The Fashions and Pleasures of New York

December 1922 John Mcmullin
The Fashions and Pleasures of New York
December 1922 John Mcmullin

The Fashions and Pleasures of New York

Small Restaurants in By-Streets

JOHN McMULLIN

WHEN dining before the t>lay at seven or seven-thirty, it is necessary to have a short, well-ordered and quickly served dinner so that one gets to the theatre by the first curtain. The first places that come to mind where one is assured of getting just this sort of service, are the Ritz, Sherry's, Pierre or Delmonico. But there are those nights, even in New York, when one wants to make a ceremony of dinner and sit long over coffee in some quiet place with a friend or two, and enjoy life in a more continental way. New York is full of little restaurants where it is possible to sit back from life in this manner. Food in such places is likely to be the food of the peasants of the country from which the proprietor comes, and it is something of a pleasure to change one's diet so completely from our usual fare, that of the cosmopolitan French cuisine.

If there is such a thing as real American cooking, it is to be got only at such places as "Child's" where the cornbeef hash is topped with two poached eggs and the hot cakes are served thick and brown with both butter and maple syrup. But there is another type of American cooking which can be found no where in the world so well as at a wonderful restaurant in Seventh Avenue, down by Twenty-fifth Street, called "Castle Cave." If you do not know this place, a real experience is in store for you. A long room, with a grill in the rear, where one can walk about and see the dinner being prepared and where the chef will ask you "would you like a little more of this, or that" and where one can have the fun of mixing one's own mustard sauce for the steak, or preparing one's pet salad dressing with just that personal touch.

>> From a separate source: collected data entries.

text \<open>By de Finetti's extension argument, a coherent unconditional prevision extends coherently to
  one more random variable, priced at its natural extension; Zorn's lemma then extends \<open>P0\<close> to a
  coherent prevision \<open>E\<close> on all random variables, and such an \<open>E\<close> is a finitely additive
  expectation. Conditional previsions are obtained from \<open>E\<close> by Bayes' rule when \<open>E B > 0\<close>. Every
  conditional bet \<open>\<alpha> B (X - P(X|B))\<close> then has nonnegative \<open>E\<close>-expectation, hence so has any finite
  sum of them, and a random variable with nonnegative expectation has nonnegative supremum: this
  is coherence of the conditional prevision.\<close>

section \<open>Bets and unconditional coherence\<close>

definition admissible_bet :: "ereal \<Rightarrow> real \<Rightarrow> real \<Rightarrow> bool" where
  "admissible_bet v a c \<longleftrightarrow>
     (v = \<infinity> \<longrightarrow> 0 \<le> a) \<and> (v = -\<infinity> \<longrightarrow> a \<le> 0) \<and> (\<bar>v\<bar> \<noteq> \<infinity> \<longrightarrow> ereal c = v)"

lemma coherent1_iff_admissible_bet:
  "coherent1 S P \<longleftrightarrow>
     (\<forall>F \<alpha> c. finite F \<and> F \<subseteq> S \<and> (\<forall>p\<in>F. admissible_bet (P (fst p) (snd p)) (\<alpha> p) (c p))
        \<longrightarrow> 0 \<le> (SUP \<omega>. ereal (\<Sum>p\<in>F. \<alpha> p * indicator (snd p) \<omega> * (fst p \<omega> - c p))))"
  unfolding coherent1_def admissible_bet_def by (simp add: ball_conj_distrib conj_assoc)

text \<open>A bet \<open>(Y, a, c)\<close> has stake \<open>a\<close> on \<open>Y\<close> at price \<open>c\<close> and pays \<open>a * (Y - c)\<close>. Unlike in
  \<open>coherent1\<close>, bets come in lists, so one variable may carry several bets at different
  prices (possible when its prevision is infinite).\<close>

type_synonym 'w bet = "('w \<Rightarrow> real) \<times> real \<times> real"

definition gain :: "'w bet list \<Rightarrow> 'w \<Rightarrow> real" where
  "gain xs \<omega> = (\<Sum>(Y, a, c)\<leftarrow>xs. a * (Y \<omega> - c))"

definition admissible_bets :: "(('w \<Rightarrow> real) \<Rightarrow> ereal) \<Rightarrow> ('w \<Rightarrow> real) set \<Rightarrow> 'w bet list \<Rightarrow> bool" where
  "admissible_bets E M xs \<longleftrightarrow> (\<forall>(Y, a, c)\<in>set xs. Y \<in> M \<and> admissible_bet (E Y) a c)"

The grill is aglow with hickory coals, The "dish" of the place is a soup plate filled with hot coals on which are placed clams freshly opened, over which a bacon sauce is poured. I am sure that nowhere else can it be done like that. Their mutton chops are twice the size of the ordinary self-respecting chop and they serve them with browned potatoes, done with bacon, and a heaping dish of brown, crisp fried onions. It is a place to go when in the mood to linger long over dinner and consider it carefully with an Epicure's eye.

For English food, The Piccadilly in West 45th Street can show a side of beef so big that it has to be wheeled around on a wagon by an attendant who carves the slices to your taste, and recovers the juice which drips down into the gravy pan in a way which only the English understand. This place is oddly reminiscent of Simpson's in London, famous the world over for its beef and mutton. The Piccadilly also makes a specialty of beefsteak and kidney pies, Dover sole and deep dish apple pies, This is the food of the taverns of England, but one has to admit that these dishes are made no better there than here.

Everyone has his pet Italian restaurant, but I will tell you a secret about them, The perfect host is the man who is wise enough to go himself and order the real Italian dinner under the guidance of the patron. Then instead of having soup, fish, broiled chicken and salad, one can have Minestrone, an enormous dish of spaghetti, or risotto and chicken done in the Italian style which is much more appealing than the broiled chicken of the French chef. At real Italian restaurants one should have for one course a vegetable cooked in oil. The Italian residents of New York say that for this one should go to a little restaurant in Lexington Avenue near 42nd Street called "Napoli."

For odd food there is nothing more surprising than the Mexican dinners one can get at Joel's, upstairs over a little cafe in West 41st Street, next to the National Theatre. The head waiter there, if one has a private interview with him, will conjure up marvelous surprises, Also by way of entertainment, there is a man who plays the piano and some entertainers who sing. In an open space in the middle of the floor one can dance. This restaurant reminds one of the foreign restaurants in San Francisco before the fire, which had more atmosphere than any places of their kind have ever had in this country. There is no one who has not had a weakness for hors d'oeuvres,— sometimes to an extent positively dangerous—so that plenty are found to appreciate the Danish restaurant called Henry's in 36th Street, near Sixth Avenue, where they cannot be excelled. Here one dines very early, between half past six and seven, because in the middle of the room there is an enormous table spread with thirty-five or more different kinds of hors d'oeuvres and it is a case of "First come, first served." The feast can be imagined. It is possible to lose all sense of selection and feel only a desire to try everything. Danish hors d'oeuvres are like those one finds in Russia; in fact, the food in Denmark is as delicious as any food to be found in Europe. The rest of the dinner is equally tempting if one has not been floored by the hors d'oeuvres.